### TASK TO COMPLETE
Copy each line containing the word "ultimately" from the records that follow, please.

### INFORMATION SUPPLIED
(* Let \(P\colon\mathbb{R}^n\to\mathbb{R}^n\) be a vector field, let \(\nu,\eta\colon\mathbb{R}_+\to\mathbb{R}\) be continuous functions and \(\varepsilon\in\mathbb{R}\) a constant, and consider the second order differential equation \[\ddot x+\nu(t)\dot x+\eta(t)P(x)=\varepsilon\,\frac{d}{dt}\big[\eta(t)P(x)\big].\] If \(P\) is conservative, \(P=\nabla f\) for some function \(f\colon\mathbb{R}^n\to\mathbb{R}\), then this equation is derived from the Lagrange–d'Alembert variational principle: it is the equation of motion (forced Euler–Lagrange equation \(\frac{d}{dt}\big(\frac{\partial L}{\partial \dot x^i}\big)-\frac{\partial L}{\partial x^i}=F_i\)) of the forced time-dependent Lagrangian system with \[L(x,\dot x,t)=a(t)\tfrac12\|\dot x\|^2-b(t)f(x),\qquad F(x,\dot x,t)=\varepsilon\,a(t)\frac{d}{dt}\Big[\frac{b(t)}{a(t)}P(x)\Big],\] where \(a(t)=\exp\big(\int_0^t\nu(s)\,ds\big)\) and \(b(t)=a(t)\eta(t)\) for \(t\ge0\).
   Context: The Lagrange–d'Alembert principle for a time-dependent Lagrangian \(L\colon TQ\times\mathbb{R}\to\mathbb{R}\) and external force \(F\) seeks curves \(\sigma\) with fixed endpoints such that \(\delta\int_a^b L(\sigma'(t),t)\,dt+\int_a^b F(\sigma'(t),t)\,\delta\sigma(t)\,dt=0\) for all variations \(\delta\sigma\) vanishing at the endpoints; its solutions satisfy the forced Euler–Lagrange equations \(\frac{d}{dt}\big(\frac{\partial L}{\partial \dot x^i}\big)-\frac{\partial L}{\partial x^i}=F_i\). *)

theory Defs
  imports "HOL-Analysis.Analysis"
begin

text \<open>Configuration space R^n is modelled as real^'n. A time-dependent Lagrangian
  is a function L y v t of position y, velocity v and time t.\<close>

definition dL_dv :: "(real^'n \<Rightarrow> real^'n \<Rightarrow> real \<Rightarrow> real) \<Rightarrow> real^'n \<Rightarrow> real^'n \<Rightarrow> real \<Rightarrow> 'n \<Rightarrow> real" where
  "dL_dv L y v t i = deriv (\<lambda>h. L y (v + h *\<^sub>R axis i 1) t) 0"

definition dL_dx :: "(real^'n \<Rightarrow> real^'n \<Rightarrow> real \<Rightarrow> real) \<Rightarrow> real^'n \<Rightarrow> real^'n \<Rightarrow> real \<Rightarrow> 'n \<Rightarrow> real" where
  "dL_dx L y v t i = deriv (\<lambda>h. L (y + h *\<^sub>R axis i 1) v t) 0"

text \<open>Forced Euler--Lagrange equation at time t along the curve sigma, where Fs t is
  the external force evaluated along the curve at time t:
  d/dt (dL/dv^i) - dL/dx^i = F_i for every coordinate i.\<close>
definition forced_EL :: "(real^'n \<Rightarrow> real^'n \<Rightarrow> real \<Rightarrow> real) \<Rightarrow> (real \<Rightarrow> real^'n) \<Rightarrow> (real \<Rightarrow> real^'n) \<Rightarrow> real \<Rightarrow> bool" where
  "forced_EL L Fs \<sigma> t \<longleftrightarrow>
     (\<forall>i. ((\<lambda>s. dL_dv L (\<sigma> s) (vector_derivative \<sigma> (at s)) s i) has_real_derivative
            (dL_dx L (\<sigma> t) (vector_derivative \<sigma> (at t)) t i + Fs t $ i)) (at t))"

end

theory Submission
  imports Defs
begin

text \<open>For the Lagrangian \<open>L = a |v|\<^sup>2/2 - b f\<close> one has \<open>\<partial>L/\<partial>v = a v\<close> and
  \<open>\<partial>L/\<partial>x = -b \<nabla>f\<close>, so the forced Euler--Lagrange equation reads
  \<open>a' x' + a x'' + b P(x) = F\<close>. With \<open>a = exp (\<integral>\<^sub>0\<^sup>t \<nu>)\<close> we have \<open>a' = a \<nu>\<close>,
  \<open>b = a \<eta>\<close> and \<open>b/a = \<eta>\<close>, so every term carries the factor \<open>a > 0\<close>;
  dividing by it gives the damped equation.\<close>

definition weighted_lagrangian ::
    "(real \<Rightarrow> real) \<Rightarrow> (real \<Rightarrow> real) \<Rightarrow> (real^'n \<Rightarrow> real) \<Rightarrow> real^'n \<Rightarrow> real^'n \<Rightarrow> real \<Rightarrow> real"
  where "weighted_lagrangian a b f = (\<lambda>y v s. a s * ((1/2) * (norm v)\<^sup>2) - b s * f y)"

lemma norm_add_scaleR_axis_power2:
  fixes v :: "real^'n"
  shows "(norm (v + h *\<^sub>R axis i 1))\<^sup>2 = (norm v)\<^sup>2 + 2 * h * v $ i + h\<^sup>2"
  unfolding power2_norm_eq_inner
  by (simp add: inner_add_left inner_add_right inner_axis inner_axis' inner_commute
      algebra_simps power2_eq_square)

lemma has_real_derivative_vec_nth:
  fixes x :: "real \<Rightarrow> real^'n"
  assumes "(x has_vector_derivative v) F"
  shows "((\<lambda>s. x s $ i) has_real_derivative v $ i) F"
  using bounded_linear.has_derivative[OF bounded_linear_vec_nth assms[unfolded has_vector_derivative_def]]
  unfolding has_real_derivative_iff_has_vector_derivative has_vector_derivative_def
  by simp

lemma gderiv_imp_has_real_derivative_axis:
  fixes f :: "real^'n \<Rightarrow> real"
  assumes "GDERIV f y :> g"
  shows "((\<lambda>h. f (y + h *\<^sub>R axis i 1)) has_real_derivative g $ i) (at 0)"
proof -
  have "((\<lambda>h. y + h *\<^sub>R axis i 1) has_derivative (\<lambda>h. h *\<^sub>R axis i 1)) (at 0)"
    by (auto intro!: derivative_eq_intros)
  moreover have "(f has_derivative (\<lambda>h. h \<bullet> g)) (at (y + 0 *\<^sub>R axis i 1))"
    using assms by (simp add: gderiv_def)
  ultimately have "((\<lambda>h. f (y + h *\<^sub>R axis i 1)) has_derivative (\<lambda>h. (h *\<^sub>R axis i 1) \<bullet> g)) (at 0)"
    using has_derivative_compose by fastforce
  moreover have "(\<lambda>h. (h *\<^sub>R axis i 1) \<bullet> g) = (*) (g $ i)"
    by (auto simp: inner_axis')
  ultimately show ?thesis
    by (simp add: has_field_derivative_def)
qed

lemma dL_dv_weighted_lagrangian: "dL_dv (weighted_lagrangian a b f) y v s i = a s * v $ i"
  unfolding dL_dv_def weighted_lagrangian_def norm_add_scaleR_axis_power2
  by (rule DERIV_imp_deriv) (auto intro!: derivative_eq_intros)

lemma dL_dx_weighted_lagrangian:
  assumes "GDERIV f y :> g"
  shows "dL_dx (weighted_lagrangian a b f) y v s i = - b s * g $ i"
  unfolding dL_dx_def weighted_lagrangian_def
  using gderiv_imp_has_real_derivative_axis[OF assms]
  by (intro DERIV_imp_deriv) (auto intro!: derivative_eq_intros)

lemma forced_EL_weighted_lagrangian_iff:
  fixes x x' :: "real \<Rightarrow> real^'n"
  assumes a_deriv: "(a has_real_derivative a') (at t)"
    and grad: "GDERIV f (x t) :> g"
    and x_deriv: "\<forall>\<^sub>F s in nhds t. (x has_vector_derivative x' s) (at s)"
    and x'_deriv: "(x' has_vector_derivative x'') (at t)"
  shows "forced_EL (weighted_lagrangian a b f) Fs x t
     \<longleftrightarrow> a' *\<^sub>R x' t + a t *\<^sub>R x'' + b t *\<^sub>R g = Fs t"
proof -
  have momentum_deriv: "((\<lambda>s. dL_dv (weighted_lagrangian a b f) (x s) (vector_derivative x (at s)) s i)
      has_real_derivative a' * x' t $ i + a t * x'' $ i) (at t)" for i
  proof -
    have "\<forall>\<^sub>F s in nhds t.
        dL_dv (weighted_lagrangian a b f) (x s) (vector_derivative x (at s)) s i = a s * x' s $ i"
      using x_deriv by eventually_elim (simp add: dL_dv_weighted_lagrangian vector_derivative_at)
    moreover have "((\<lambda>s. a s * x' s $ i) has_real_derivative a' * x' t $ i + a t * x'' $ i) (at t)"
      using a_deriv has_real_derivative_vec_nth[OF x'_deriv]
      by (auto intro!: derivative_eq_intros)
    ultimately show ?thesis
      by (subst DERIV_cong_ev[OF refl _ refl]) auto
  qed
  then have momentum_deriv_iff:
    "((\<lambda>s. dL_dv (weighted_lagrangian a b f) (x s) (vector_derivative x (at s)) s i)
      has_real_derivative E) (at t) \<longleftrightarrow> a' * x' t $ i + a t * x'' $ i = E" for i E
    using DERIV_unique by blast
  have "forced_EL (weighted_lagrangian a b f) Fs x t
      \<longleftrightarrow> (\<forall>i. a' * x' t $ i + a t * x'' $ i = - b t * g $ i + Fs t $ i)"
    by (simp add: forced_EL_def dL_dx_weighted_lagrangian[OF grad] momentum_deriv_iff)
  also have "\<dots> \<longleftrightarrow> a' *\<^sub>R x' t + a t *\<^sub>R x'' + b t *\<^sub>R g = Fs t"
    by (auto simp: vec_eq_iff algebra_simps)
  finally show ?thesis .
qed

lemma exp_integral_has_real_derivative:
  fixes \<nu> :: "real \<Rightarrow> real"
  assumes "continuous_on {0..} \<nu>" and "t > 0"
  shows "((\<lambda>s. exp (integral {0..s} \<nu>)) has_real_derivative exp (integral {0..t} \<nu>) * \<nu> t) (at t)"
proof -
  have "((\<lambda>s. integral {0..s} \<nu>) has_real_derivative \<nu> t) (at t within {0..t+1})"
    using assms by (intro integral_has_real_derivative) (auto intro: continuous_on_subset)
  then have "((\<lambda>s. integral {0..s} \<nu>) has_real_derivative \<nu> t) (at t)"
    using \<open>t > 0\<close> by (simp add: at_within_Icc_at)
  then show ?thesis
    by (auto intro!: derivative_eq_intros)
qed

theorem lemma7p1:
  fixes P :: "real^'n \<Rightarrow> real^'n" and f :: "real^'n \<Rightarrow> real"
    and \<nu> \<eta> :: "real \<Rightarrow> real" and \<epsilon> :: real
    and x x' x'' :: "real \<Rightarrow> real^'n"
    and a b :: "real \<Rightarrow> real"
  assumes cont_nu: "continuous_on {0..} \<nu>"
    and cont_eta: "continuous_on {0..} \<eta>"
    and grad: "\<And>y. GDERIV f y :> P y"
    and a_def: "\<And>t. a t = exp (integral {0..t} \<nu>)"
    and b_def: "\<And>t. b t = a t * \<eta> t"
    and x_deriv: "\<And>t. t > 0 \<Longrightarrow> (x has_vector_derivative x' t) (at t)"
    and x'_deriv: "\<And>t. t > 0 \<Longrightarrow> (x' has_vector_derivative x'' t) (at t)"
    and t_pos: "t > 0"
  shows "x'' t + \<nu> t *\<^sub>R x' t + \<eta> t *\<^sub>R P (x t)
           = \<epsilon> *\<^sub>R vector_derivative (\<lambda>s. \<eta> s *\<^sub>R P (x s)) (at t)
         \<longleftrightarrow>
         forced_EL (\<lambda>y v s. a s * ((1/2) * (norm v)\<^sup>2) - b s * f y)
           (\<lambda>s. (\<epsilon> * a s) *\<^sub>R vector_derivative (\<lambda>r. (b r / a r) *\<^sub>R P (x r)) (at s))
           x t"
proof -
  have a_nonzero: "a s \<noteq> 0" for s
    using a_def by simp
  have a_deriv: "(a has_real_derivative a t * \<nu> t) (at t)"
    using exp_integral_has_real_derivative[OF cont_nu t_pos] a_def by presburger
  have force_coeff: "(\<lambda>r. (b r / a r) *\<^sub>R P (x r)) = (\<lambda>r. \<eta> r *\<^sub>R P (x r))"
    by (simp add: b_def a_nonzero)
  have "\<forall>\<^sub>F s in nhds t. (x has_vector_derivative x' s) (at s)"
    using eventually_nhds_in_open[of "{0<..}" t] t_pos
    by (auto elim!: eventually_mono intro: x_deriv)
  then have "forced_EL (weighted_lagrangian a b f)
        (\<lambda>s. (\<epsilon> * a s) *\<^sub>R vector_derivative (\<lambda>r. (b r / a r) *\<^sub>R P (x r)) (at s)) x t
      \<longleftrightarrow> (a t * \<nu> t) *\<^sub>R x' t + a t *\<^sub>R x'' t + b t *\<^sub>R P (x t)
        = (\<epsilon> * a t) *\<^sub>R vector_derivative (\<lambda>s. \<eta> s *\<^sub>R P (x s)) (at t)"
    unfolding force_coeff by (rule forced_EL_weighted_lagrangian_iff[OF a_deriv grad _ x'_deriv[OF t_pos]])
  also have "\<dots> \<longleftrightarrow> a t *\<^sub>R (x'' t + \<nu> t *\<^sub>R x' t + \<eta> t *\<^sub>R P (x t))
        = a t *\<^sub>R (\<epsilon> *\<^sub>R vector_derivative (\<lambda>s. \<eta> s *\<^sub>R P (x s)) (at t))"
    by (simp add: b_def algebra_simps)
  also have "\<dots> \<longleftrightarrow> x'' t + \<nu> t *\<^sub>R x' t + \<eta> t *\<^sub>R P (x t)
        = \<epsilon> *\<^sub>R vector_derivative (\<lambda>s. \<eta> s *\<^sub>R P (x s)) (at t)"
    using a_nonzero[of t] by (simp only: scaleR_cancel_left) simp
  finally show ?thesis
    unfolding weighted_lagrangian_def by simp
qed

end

---

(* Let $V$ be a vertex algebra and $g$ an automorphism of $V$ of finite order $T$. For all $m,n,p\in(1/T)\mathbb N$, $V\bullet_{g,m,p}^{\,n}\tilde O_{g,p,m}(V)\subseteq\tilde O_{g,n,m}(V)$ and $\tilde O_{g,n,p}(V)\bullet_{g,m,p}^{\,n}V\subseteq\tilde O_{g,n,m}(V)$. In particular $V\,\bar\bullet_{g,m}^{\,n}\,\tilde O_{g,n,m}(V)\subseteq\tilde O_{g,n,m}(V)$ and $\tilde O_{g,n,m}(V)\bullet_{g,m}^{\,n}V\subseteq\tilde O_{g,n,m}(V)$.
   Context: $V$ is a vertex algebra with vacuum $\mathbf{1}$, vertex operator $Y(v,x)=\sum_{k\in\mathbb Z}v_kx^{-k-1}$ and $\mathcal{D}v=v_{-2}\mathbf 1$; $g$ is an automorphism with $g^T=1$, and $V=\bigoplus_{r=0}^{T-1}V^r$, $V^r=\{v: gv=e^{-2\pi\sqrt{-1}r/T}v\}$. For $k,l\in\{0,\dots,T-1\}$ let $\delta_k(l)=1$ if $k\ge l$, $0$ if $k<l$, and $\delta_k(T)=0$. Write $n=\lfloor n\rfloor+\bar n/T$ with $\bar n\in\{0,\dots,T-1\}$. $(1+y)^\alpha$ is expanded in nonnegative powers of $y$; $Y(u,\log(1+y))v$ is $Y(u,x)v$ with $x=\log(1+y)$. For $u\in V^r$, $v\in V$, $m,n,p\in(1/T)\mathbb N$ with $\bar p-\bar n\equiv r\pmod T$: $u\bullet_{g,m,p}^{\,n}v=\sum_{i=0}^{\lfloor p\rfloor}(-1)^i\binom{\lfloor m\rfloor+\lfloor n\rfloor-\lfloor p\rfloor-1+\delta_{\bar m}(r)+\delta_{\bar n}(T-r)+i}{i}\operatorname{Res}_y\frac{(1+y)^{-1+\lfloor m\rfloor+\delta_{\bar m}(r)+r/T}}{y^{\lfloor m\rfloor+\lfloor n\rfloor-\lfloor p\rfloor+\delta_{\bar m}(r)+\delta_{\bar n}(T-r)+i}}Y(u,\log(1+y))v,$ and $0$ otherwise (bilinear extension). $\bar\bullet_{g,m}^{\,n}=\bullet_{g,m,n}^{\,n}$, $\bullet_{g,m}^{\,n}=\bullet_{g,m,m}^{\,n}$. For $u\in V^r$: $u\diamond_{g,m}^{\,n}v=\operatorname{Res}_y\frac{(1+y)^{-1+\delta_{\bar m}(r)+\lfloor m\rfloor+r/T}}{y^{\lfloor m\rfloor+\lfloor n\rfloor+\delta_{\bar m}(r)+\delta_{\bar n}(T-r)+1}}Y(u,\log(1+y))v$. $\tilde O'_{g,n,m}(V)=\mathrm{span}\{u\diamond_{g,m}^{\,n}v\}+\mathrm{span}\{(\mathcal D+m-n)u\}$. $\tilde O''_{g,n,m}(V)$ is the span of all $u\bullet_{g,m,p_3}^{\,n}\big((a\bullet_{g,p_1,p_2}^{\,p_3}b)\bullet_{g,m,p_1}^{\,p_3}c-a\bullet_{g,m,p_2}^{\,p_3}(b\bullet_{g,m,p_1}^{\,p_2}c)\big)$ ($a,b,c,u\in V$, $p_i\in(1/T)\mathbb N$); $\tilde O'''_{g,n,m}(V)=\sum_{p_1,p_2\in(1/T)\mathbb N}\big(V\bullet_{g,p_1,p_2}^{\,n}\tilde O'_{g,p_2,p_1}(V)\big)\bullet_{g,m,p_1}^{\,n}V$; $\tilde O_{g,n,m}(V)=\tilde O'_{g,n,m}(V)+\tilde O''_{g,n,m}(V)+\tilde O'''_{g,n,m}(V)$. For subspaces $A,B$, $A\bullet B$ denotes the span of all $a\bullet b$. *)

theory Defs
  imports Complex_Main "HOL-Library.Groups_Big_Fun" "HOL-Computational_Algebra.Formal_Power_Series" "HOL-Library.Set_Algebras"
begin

### EXERCISE RESULT
  ultimately have "((\<lambda>h. f (y + h *\<^sub>R axis i 1)) has_derivative (\<lambda>h. (h *\<^sub>R axis i 1) \<bullet> g)) (at 0)"
  ultimately show ?thesis
    ultimately show ?thesis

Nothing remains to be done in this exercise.